The hard part of the ring is shown at 9, the chamfered part of this being indicated by the number 10 and the ring-shaped flange by the number 11.

The soft part of the ring shown at 12 is connected to the hard part over a radial plane 13, and is further provided with a cylindrical surface which is in contact with the bottom 7, a semi-circular surface 14 and a rectilinear, chamfered surface 15.

If a pipe at a pipe joint with a sleeve should for some reason come out of axial alignment with the other pipe, the sleeve will have a tendency to tilt to the side and the outer edge may come into contact with the pipe. The risk of this can be reduced by the joint shown in the drawings if the inner surface of the sleeve between the mouth and the groove is chamfered outwards as shown at 16. It has thus been found that the ring shown is superior to previously known rings in that it resists tilting or deflection of the sleeve, this undoubtedly because the nose of the conically shaped ring 10 is driven into firm contact with the inclined wall 5.

The ring 6 as a whole must of course be sufficiently elastic so that it can be pushed into the groove through the mouth of the sleeve. If one assumes that the joint between the other half of the sleeve and the second pipe, which is not shown, has already been assembled, the pipe 1 is pushed into place. The first contact with the ring is made by the end 17 of the tube, and the ring will have a tendency to roll, but this is prevented by the contact of the axial surface 18 with the conically shaped ring 10 with the tube. The groove is longer axially than the ring, and the ring moves as a whole towards the wall 8, but maintains its orientation in the groove. The degree of this axial movement of the ring is not critical, and when the internal pressure is applied to the surface 14 of the soft part of the ring, this will be moved back into the position shown in fig. 2, where the surface of the hard part is in contact with the side wall 5 and 6.
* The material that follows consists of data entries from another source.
lemma sylvP_filter_gt: "sylvP (filter (\<lambda>c. x < c) w) = prune_gt x (sylvP w)"
proof -
  have "prune_gt x (bst_ins c T) = (if x < c then bst_ins c (prune_gt x T) else prune_gt x T)"
    for c T by (induction T) auto
  then show ?thesis by (induction w) auto
qed

lemma foldr_bst_ins_cong:
  "sylvP u = sylvP v \<Longrightarrow> foldr bst_ins u T = foldr bst_ins v T"
  by (induction T arbitrary: u v)
     (auto simp: foldr_bst_ins_Node sylvP_filter_le sylvP_filter_gt simp flip: sylvP_def)

lemma sylvP_cong:
  assumes "sylvP u = sylvP v"
  shows "sylvP (p @ u @ q) = sylvP (p @ v @ q)"
  using foldr_bst_ins_cong[OF assms, of "sylvP q"] by (simp add: sylvP_append)

definition separates :: "nat set \<Rightarrow> nat list \<Rightarrow> bool" where
  "separates Y u \<longleftrightarrow> (\<forall>c\<in>set u. \<forall>c'\<in>set u. c < c' \<longrightarrow> (\<exists>y\<in>Y. c \<le> y \<and> y < c'))"

lemma separates_filter:
  assumes "rbst (Node l z r)" "separates (set_tree (Node l z r)) u"
  shows "separates (set_tree l) (filter (\<lambda>c. c \<le> z) u)"
    and "separates (set_tree r) (filter (\<lambda>c. z < c) u)"
proof -
  have l: "\<forall>y\<in>set_tree l. y \<le> z" and r: "\<forall>y\<in>set_tree r. z < y"
    using assms(1) by auto
  have sep: "\<exists>y\<in>insert z (set_tree l \<union> set_tree r). c \<le> y \<and> y < c'"
    if "c \<in> set u" "c' \<in> set u" "c < c'" for c c'
    using assms(2) that unfolding separates_def by auto
  show "separates (set_tree l) (filter (\<lambda>c. c \<le> z) u)"
    unfolding separates_def
  proof (intro ballI impI)
    fix c c' assume "c \<in> set (filter (\<lambda>c. c \<le> z) u)" "c' \<in> set (filter (\<lambda>c. c \<le> z) u)" "c < c'"
    then have "c \<in> set u" "c' \<in> set u" "c < c'" "c' \<le> z" by auto
    with sep r show "\<exists>y\<in>set_tree l. c \<le> y \<and> y < c'" by fastforce
  qed
  show "separates (set_tree r) (filter (\<lambda>c. z < c) u)"
    unfolding separates_def
  proof (intro ballI impI)
    fix c c' assume "c \<in> set (filter (\<lambda>c. z < c) u)" "c' \<in> set (filter (\<lambda>c. z < c) u)" "c < c'"
    then have "c \<in> set u" "c' \<in> set u" "c < c'" "z < c" by auto
    with sep l show "\<exists>y\<in>set_tree r. c \<le> y \<and> y < c'" by fastforce
  qed
qed

lemma separates_empty_mset_eq:
  assumes "mset u = mset v" "separates {} u"
  shows "u = v"
proof -
  have "sorted w" if "separates {} w" for w
  proof -
    have "\<forall>c\<in>set w. \<forall>c'\<in>set w. c \<le> c'"
      using that by (auto simp: separates_def not_less[symmetric])
    then show ?thesis by (induction w) auto
  qed
  moreover have "separates {} v"
    using assms by (simp add: separates_def flip: mset_eq_setD[OF assms(1)])
  ultimately show ?thesis
    using assms by (metis properties_for_sort)
qed

lemma foldr_bst_ins_perm:
  "rbst T \<Longrightarrow> mset u = mset v \<Longrightarrow> separates (set_tree T) u \<Longrightarrow>
   foldr bst_ins u T = foldr bst_ins v T"
proof (induction T arbitrary: u v)
  case Leaf
  then show ?case using separates_empty_mset_eq[of u v] by simp
next
  case (Node l z r)
  have "foldr bst_ins (filter (\<lambda>c. c \<le> z) u) l = foldr bst_ins (filter (\<lambda>c. c \<le> z) v) l"
    by (rule Node.IH(1)) (use Node.prems separates_filter(1) in auto)
  moreover have "foldr bst_ins (filter (\<lambda>c. z < c) u) r = foldr bst_ins (filter (\<lambda>c. z < c) v) r"
    by (rule Node.IH(2)) (use Node.prems separates_filter(2) in auto)
  ultimately show ?case
    by (simp add: foldr_bst_ins_Node)
qed

lemma sylvP_perm_prefix:
  assumes "mset u = mset u'" "set u \<subseteq> set w"
  shows "sylvP (u @ w) = sylvP (u' @ w)"
proof -
  have "separates (set w) u"
    using assms(2) unfolding separates_def by blast
  then show ?thesis
    using foldr_bst_ins_perm[OF rbst_sylvP assms(1)] by (simp add: sylvP_append)
qed

lemma subst_Nil [simp]: "subst \<phi> [] = []"
  by (simp add: subst_def)

lemma subst_Cons [simp]: "subst \<phi> (c # u) = \<phi> c @ subst \<phi> u"
  by (simp add: subst_def)

lemma subst_append [simp]: "subst \<phi> (u @ v) = subst \<phi> u @ subst \<phi> v"
  by (simp add: subst_def)

lemma set_subst: "set (subst \<phi> u) = (\<Union>c\<in>set u. set (\<phi> c))"
  by (simp add: subst_def)

lemma subst_subst: "subst \<psi> (subst \<phi> u) = subst (\<lambda>c. subst \<psi> (\<phi> c)) u"
  by (induction u) auto

lemma count_list_subst:
  assumes "\<And>c. count_list (\<phi> c) a = (if c = b then 1 else 0)"
  shows "count_list (subst \<phi> u) a = count_list u b"
  using assms by (induction u) auto

lemma sylvP_subst_identity:
  "sylvP (subst \<phi> [x, y, s, x, t, y]) = sylvP (subst \<phi> [y, x, s, x, t, y])"
proof -
  have "mset (\<phi> x @ \<phi> y) = mset (\<phi> y @ \<phi> x)" "set (\<phi> x @ \<phi> y) \<subseteq> set (\<phi> s @ \<phi> x @ \<phi> t @ \<phi> y)"
    by auto
  from sylvP_perm_prefix[OF this] show ?thesis
    by simp
qed

lemma deriv_step_instance:
  "(p, q) \<in> \<Sigma> \<Longrightarrow> deriv_step \<Sigma> (a @ subst \<phi> p @ b) (a @ subst \<phi> q @ b)"
  unfolding deriv_step_def by blast

lemma derivable_refl [simp]: "derivable \<Sigma> u u"
  by (simp add: derivable_def)

lemma derivable_trans: "derivable \<Sigma> u v \<Longrightarrow> derivable \<Sigma> v w \<Longrightarrow> derivable \<Sigma> u w"
  unfolding derivable_def by (rule rtranclp_trans)

lemma derivable_sym: "derivable \<Sigma> u v \<Longrightarrow> derivable \<Sigma> v u"
proof -
  have "symp (deriv_step \<Sigma>)"
    unfolding deriv_step_def by (rule sympI) blast
  then show "derivable \<Sigma> u v \<Longrightarrow> derivable \<Sigma> v u"
    unfolding derivable_def by (blast dest: sympD[OF symp_rtranclp])
qed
If the sleeve has a tendency to change its angular position, for example during ground movements, the hard part 9 will act as a vertical stiffener which counteracts this tendency. The hard part will also effectively resist blowout of the ring under high internal pressures.

The ring is preferably made of rubber, the hard part being made of rubber with 75 - 80 Shore degrees, the soft part being made of rubber with 25 - 65 Shore degrees.

The invention is particularly applicable to joints between pipes and sleeves made of asbestos cement. These must be machined, and the simple shape of the groove will facilitate machining.

Claims (2)

1. Gasket ring for use with a socket joint for pipes of the kind where the socket part is designed with an annular groove, the bottom of which runs parallel to the axis of the pipe and which serves to accommodate the gasket ring, which gasket ring includes hard and soft parts, the soft part having such radial thickness that it is compressed in the finished joint, characterized in that the soft part (12) seen in longitudinal or axial section before the joint is assembled, has a radial side surface (13) which is connected to the hard part (9),> as well as a cylindrical side surface intended to come into contact with the bottom of the groove in the sleeve part and which merges into a longitudinally sectioned rectilinear side surface (15) which runs obliquely outwards in the direction of the hard part, and which terminates in the radial side surface ( 13) which is connected to the hard part (9), and that the hard part (9) is composed of an axially seen outer ring-shaped part (10) which has a wedge shape, as well as another radially seen outer ring-shaped flange part ( 11). 2. Device for a socket joint for pipes for use with a gasket as specified in claim 1, in particular for asbestos cement pipes, characterized in that the side wall (6) of the groove closest to the mouth of the socket part first runs radially or approximately radially from the bottom towards the axis and is then beveled (5) towards the socket part mouth, and that the opposite side wall (8) of the groove extends radially or approximately radially.